§ **WORK REQUIRED**: Somewhere below, one line contains "1) * q \<le> i" and a later line contains "nat \<Rightarrow> nat". Output those two lines and everything between them exactly, and nothing else.
** Opening DATA UNDER STUDY block **
(* Let $\mathcal{L}_{\rm GM}$ be the golden mean language and let ${\rm S}:\mathcal{L}_{\rm GM}\to\mathbb{N}$ be a homomorphism. Write ${\rm S}_a={\rm S}(a)$, ${\rm S}_b={\rm S}(b)$, and suppose $\gcd({\rm S}_a,{\rm S}_b)=1$, ${\rm S}_a>1$ and ${\rm S}_b>1$. Then $\mathbb{N}\setminus {\rm S}(\mathcal{L}_{\rm GM})$ is finite and nonempty, and $$\max\,\big(\mathbb{N}\setminus {\rm S}(\mathcal{L}_{\rm GM})\big)={\rm S}_a({\rm S}_a-3)+{\rm S}_b({\rm S}_a-1).$$
   Context: $\mathbb{N}=\{1,2,3,\dots\}$. The golden mean language $\mathcal{L}_{\rm GM}$ is the set of all nonempty finite words over the alphabet $\{a,b\}$ in which $bb$ does not occur as a subword (factor). A homomorphism ${\rm S}:\mathcal{L}\to\mathbb{N}$ of a language $\mathcal{L}$ over an alphabet is a map with ${\rm S}(w_1w_2\cdots w_n)={\rm S}(w_1)+\cdots+{\rm S}(w_n)$ for every word $w_1\cdots w_n\in\mathcal{L}$ (equivalently ${\rm S}(vw)={\rm S}(v)+{\rm S}(w)$), so it is determined by the positive integers ${\rm S}(a),{\rm S}(b)$. *)

theory Defs
  imports Main
begin

datatype letter = a | b

definition golden_mean_language :: "letter list set" where
  "golden_mean_language = {w. w \<noteq> [] \<and> (\<nexists>u v. w = u @ [b, b] @ v)}"

definition is_hom :: "letter list set \<Rightarrow> (letter list \<Rightarrow> nat) \<Rightarrow> bool" where
  "is_hom L S \<longleftrightarrow> (\<forall>w\<in>L. S w > 0) \<and>
     (\<forall>w\<in>L. S w = sum_list (map (\<lambda>x. S [x]) w))"

end

(*
  A word of the golden mean language with i letters a and j letters b exists iff
  j \<le> i + 1 (the b's must be separated by a's), so the value set is
  {i p + j q | j \<le> i + 1, (i, j) \<noteq> (0, 0)} with p = S(a), q = S(b).
  Write M = p (p - 3) + q (p - 1) = (p - 1)(p + q) - 2 p. Given n > M, take j \<equiv> n / q
  (mod p) with 0 \<le> j < p; then n = k p + j q and the bound on n forces k \<ge> j - 1.
  Conversely, M = i p + j q would force j \<equiv> p - 1 (mod p), hence j \<ge> p - 1 and
  i \<ge> p - 2, giving i p + j q \<ge> M + p.
*)
theory Submission
  imports Defs "HOL-Library.Sublist" "HOL-Number_Theory.Cong"
begin

lemma letter_neq_a_iff [simp]: "x \<noteq> a \<longleftrightarrow> x = b"
  and letter_neq_b_iff [simp]: "x \<noteq> b \<longleftrightarrow> x = a"
  by (cases x; simp)+

abbreviation bb_free :: "letter list \<Rightarrow> bool" where
  "bb_free \<equiv> successively (\<lambda>x y. x = a \<or> y = a)"

lemma sublist_bb_iff_not_bb_free: "sublist [b, b] w \<longleftrightarrow> \<not> bb_free w"
proof (induction w)
  case (Cons x w)
  then show ?case
    by (cases w) (auto simp: sublist_Cons_right successively_Cons)
qed simp

lemma golden_mean_language_iff: "w \<in> golden_mean_language \<longleftrightarrow> w \<noteq> [] \<and> bb_free w"
proof -
  have "(\<exists>u v. w = u @ [b, b] @ v) \<longleftrightarrow> sublist [b, b] w"
    by (auto simp: sublist_def)
  then show ?thesis
    by (auto simp: golden_mean_language_def sublist_bb_iff_not_bb_free)
qed

lemma count_b_le_Suc_count_a: "bb_free w \<Longrightarrow> count_list w b \<le> count_list w a + 1"
proof (induction w rule: induct_list012)
  case (3 x y w)
  then show ?case by (cases x; cases y) (auto simp: successively_Cons)
qed auto

lemma bb_free_word_exists:
  "j \<le> i + 1 \<Longrightarrow> \<exists>w. bb_free w \<and> count_list w a = i \<and> count_list w b = j"
proof (induction i arbitrary: j)
  case 0
  then consider "j = 0" | "j = 1" by linarith
  then show ?case
    by cases (intro exI[of _ "[]"] exI[of _ "[b]"]; simp)+
next
  case (Suc i)
  show ?case
  proof (cases "j \<le> i + 1")
    case True
    with Suc.IH obtain w where "bb_free w" "count_list w a = i" "count_list w b = j"
      by blast
    then show ?thesis
      by (intro exI[of _ "a # w"]) (auto simp: successively_Cons)
  next
    case False
    with Suc.prems Suc.IH[of "i + 1"] obtain w where
      "bb_free w" "count_list w a = i" "count_list w b = j - 1"
      by auto
    with False show ?thesis
      by (intro exI[of _ "b # a # w"]) (auto simp: successively_Cons)
  qed
qed

lemma length_eq_count_letters: "length w = count_list w a + count_list w b"
proof (induction w)
  case (Cons x w)
  then show ?case by (cases x) auto
qed simp

lemma sum_list_map_letters:
  "sum_list (map f w) = count_list w a * f a + count_list w b * f b"
proof (induction w)
  case (Cons x w)
  then show ?case by (cases x) auto
qed simp

definition golden_frobenius :: "int \<Rightarrow> int \<Rightarrow> int" where
  "golden_frobenius p q = p * (p - 3) + q * (p - 1)"

lemma golden_frobenius_pos:
  fixes p q :: int
  assumes "p > 1" "q > 1" "coprime p q"
  shows "golden_frobenius p q > 0"
proof (cases "p = 2")
  case True
  with assms have "q \<noteq> 2" by auto
  with assms True show ?thesis by (simp add: golden_frobenius_def)
next
  case False
  with assms have "p * (p - 3) \<ge> 0" "q * (p - 1) > 0" by simp_all
  then show ?thesis by (simp add: golden_frobenius_def)
qed

lemma golden_representation_above:
  fixes p q n :: int
  assumes p: "p > 1" and q: "q > 1" and cop: "coprime p q"
    and n: "n > golden_frobenius p q"
  shows "\<exists>i j. 0 \<le> i \<and> 0 \<le> j \<and> j \<le> i + 1 \<and> n = i * p + j * q"
proof -
  obtain x where x: "[q * x = 1] (mod p)"
    using cong_solve_coprime_int cop coprime_commute by blast
  define j where "j = (n * x) mod p"
  have j: "0 \<le> j" "j \<le> p - 1"
    using p by (simp_all add: j_def)
  have "[j * q = n * x * q] (mod p)"
    unfolding j_def by (rule cong_scalar_right) simp
  also have "n * x * q = n * (q * x)"
    by (simp add: ac_simps)
  also have "[n * (q * x) = n * 1] (mod p)"
    using x by (rule cong_scalar_left)
  finally have "p dvd n - j * q"
    by (simp add: cong_iff_dvd_diff dvd_diff_commute)
  then obtain k where "n - j * q = p * k" ..
  then have k: "n = k * p + j * q"
    by (simp add: algebra_simps)
  have "j * (p + q) \<le> (p - 1) * (p + q)"
    using j p q by (intro mult_right_mono) auto
  with n k have "p * (j - 2) < p * k"
    by (simp add: golden_frobenius_def algebra_simps)
  with p have "j - 2 < k"
    by simp
  moreover have "k \<noteq> -1 \<or> j \<noteq> 0"
    using golden_frobenius_pos[OF p q cop] n k p by auto
  ultimately show ?thesis
    using j k by (intro exI[of _ k] exI[of _ j]) auto
qed

lemma golden_frobenius_not_represented:
  fixes p q i j :: int
  assumes p: "p > 1" and q: "q > 1" and cop: "coprime p q"
    and ij: "0 \<le> i" "0 \<le> j" "j \<le> i + 1"
  shows "golden_frobenius p q \<noteq> i * p + j * q"
proof
  assume M: "golden_frobenius p q = i * p + j * q"
  then have "(j - (p - 1)) * q = p * (p - 3 - i)"
    by (simp add: golden_frobenius_def algebra_simps)
  then have "p dvd (j - (p - 1)) * q"
    by (metis dvd_triv_left)
  with cop obtain t where t: "j - (p - 1) = p * t"
    by (auto simp: coprime_dvd_mult_left_iff)
  with p ij have "p * (-1) < p * t"
    by simp
  with p have "0 \<le> t"
    by (simp only: mult_less_cancel_left_pos)
  with p have "0 \<le> p * t"
    by simp
  with t have j: "p - 1 \<le> j"
    by linarith
  with ij have i: "p - 2 \<le> i"
    by simp
  have "(p - 2) * p + (p - 1) * q \<le> i * p + j * q"
    using i j p q by (intro add_mono mult_right_mono) auto
  with M p show False
    by (simp add: golden_frobenius_def algebra_simps)
qed

definition golden_mean_values :: "nat \<Rightarrow> nat \<Rightarrow> nat set" where
  "golden_mean_values p q = {i * p + j * q | i j. j \<le> i + 1 \<and> 0 < i + j}"

lemma image_golden_mean_language:
  assumes "is_hom golden_mean_language S"
  shows "S ` golden_mean_language = golden_mean_values (S [a]) (S [b])"
proof (intro equalityI subsetI)
  have S: "S w = count_list w a * S [a] + count_list w b * S [b]"
    if "w \<in> golden_mean_language" for w
    using assms that by (simp add: is_hom_def sum_list_map_letters)
  fix n
  show "n \<in> golden_mean_values (S [a]) (S [b])" if "n \<in> S ` golden_mean_language"
  proof -
    from that obtain w where w: "w \<in> golden_mean_language" "n = S w"
      by blast
    then have "w \<noteq> []" "bb_free w"
      by (simp_all add: golden_mean_language_iff)
    then have "count_list w b \<le> count_list w a + 1" "0 < count_list w a + count_list w b"
      using count_b_le_Suc_count_a[of w] by (auto simp flip: length_eq_count_letters)
    then show ?thesis
      unfolding golden_mean_values_def using w S by blast
  qed
  show "n \<in> S ` golden_mean_language" if "n \<in> golden_mean_values (S [a]) (S [b])"
  proof -
    from that obtain i j where ij: "j \<le> i + 1" "0 < i + j" "n = i * S [a] + j * S [b]"
      by (auto simp: golden_mean_values_def)
    then obtain w where w: "bb_free w" "count_list w a = i" "count_list w b = j"
      using bb_free_word_exists by blast
    with ij(2) have "w \<in> golden_mean_language"
      using length_eq_count_letters[of w] by (auto simp: golden_mean_language_iff)
    with w ij(3) S show ?thesis
      by force
  qed
qed

lemma above_frobenius_in_golden_mean_values:
  fixes p q n :: nat
  assumes "p > 1" "q > 1" "coprime p q"
    and "int n > golden_frobenius (int p) (int q)"
  shows "n \<in> golden_mean_values p q"
proof -
  have "coprime (int p) (int q)"
    using assms by simp
  with assms obtain i j where ij: "0 \<le> i" "0 \<le> j" "j \<le> i + 1" "int n = i * int p + j * int q"
    using golden_representation_above[of "int p" "int q" "int n"] by auto
  then have "int n = int (nat i * p + nat j * q)"
    by simp
  then have "n = nat i * p + nat j * q"
    by (simp only: of_nat_eq_iff)
  moreover have "n > 0"
    using assms golden_frobenius_pos[of "int p" "int q"] by simp
  moreover have "nat j \<le> nat i + 1"
    using ij by simp
  ultimately show ?thesis
    unfolding golden_mean_values_def by fastforce
qed

lemma frobenius_not_in_golden_mean_values:
  fixes p q :: nat
  assumes "p > 1" "q > 1" "coprime p q"
  shows "nat (golden_frobenius (int p) (int q)) \<notin> golden_mean_values p q"
proof
  let ?M = "golden_frobenius (int p) (int q)"
  assume "nat ?M \<in> golden_mean_values p q"
  then obtain i j where ij: "j \<le> i + 1" "nat ?M = i * p + j * q"
    by (auto simp: golden_mean_values_def)
  have "?M > 0"
    using assms golden_frobenius_pos[of "int p" "int q"] by simp
  then have "?M = int (nat ?M)"
    by simp
  with ij(2) have "?M = int i * int p + int j * int q"
    by simp
  then show False
    using assms ij golden_frobenius_not_represented[of "int p" "int q" "int i" "int j"] by simp
qed

lemma golden_mean_values_gaps:
  fixes p q :: nat
  assumes "p > 1" "q > 1" "coprime p q"
  defines "M \<equiv> golden_frobenius (int p) (int q)"
  shows "finite ({1..} - golden_mean_values p q) \<and> {1..} - golden_mean_values p q \<noteq> {} \<and>
         int (Max ({1..} - golden_mean_values p q)) = M"
proof -
  let ?G = "{1..} - golden_mean_values p q"
  have "M > 0"
    using assms golden_frobenius_pos[of "int p" "int q"] by simp
  have "?G \<subseteq> {1..nat M}"
    using above_frobenius_in_golden_mean_values[OF assms(1-3)] by (force simp: M_def)
  moreover have "nat M \<in> ?G"
    using frobenius_not_in_golden_mean_values[OF assms(1-3)] \<open>M > 0\<close> by (simp add: M_def)
  ultimately have "finite ?G" "Max ?G = nat M"
    using finite_subset by (auto intro!: Max_eqI)
  with \<open>nat M \<in> ?G\<close> \<open>M > 0\<close> show ?thesis
    by auto
qed

theorem theorem1:
  fixes S :: "letter list \<Rightarrow> nat"
  assumes "is_hom golden_mean_language S"
    and "coprime (S [a]) (S [b])"
    and "S [a] > 1" and "S [b] > 1"
  shows "finite ({1..} - S ` golden_mean_language) \<and>
         {1..} - S ` golden_mean_language \<noteq> {} \<and>
         int (Max ({1..} - S ` golden_mean_language)) =
           int (S [a]) * (int (S [a]) - 3) + int (S [b]) * (int (S [a]) - 1)"
  using golden_mean_values_gaps[OF assms(3,4,2)]
  by (simp add: image_golden_mean_language[OF assms(1)] golden_frobenius_def)

end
** Closing DATA UNDER STUDY block **
§ **RESPONSE AREA**:
  have "(p - 2) * p + (p - 1) * q \<le> i * p + j * q"
    using i j p q by (intro add_mono mult_right_mono) auto
  with M p show False
    by (simp add: golden_frobenius_def algebra_simps)
qed

definition golden_mean_values :: "nat \<Rightarrow> nat \<Rightarrow> nat set" where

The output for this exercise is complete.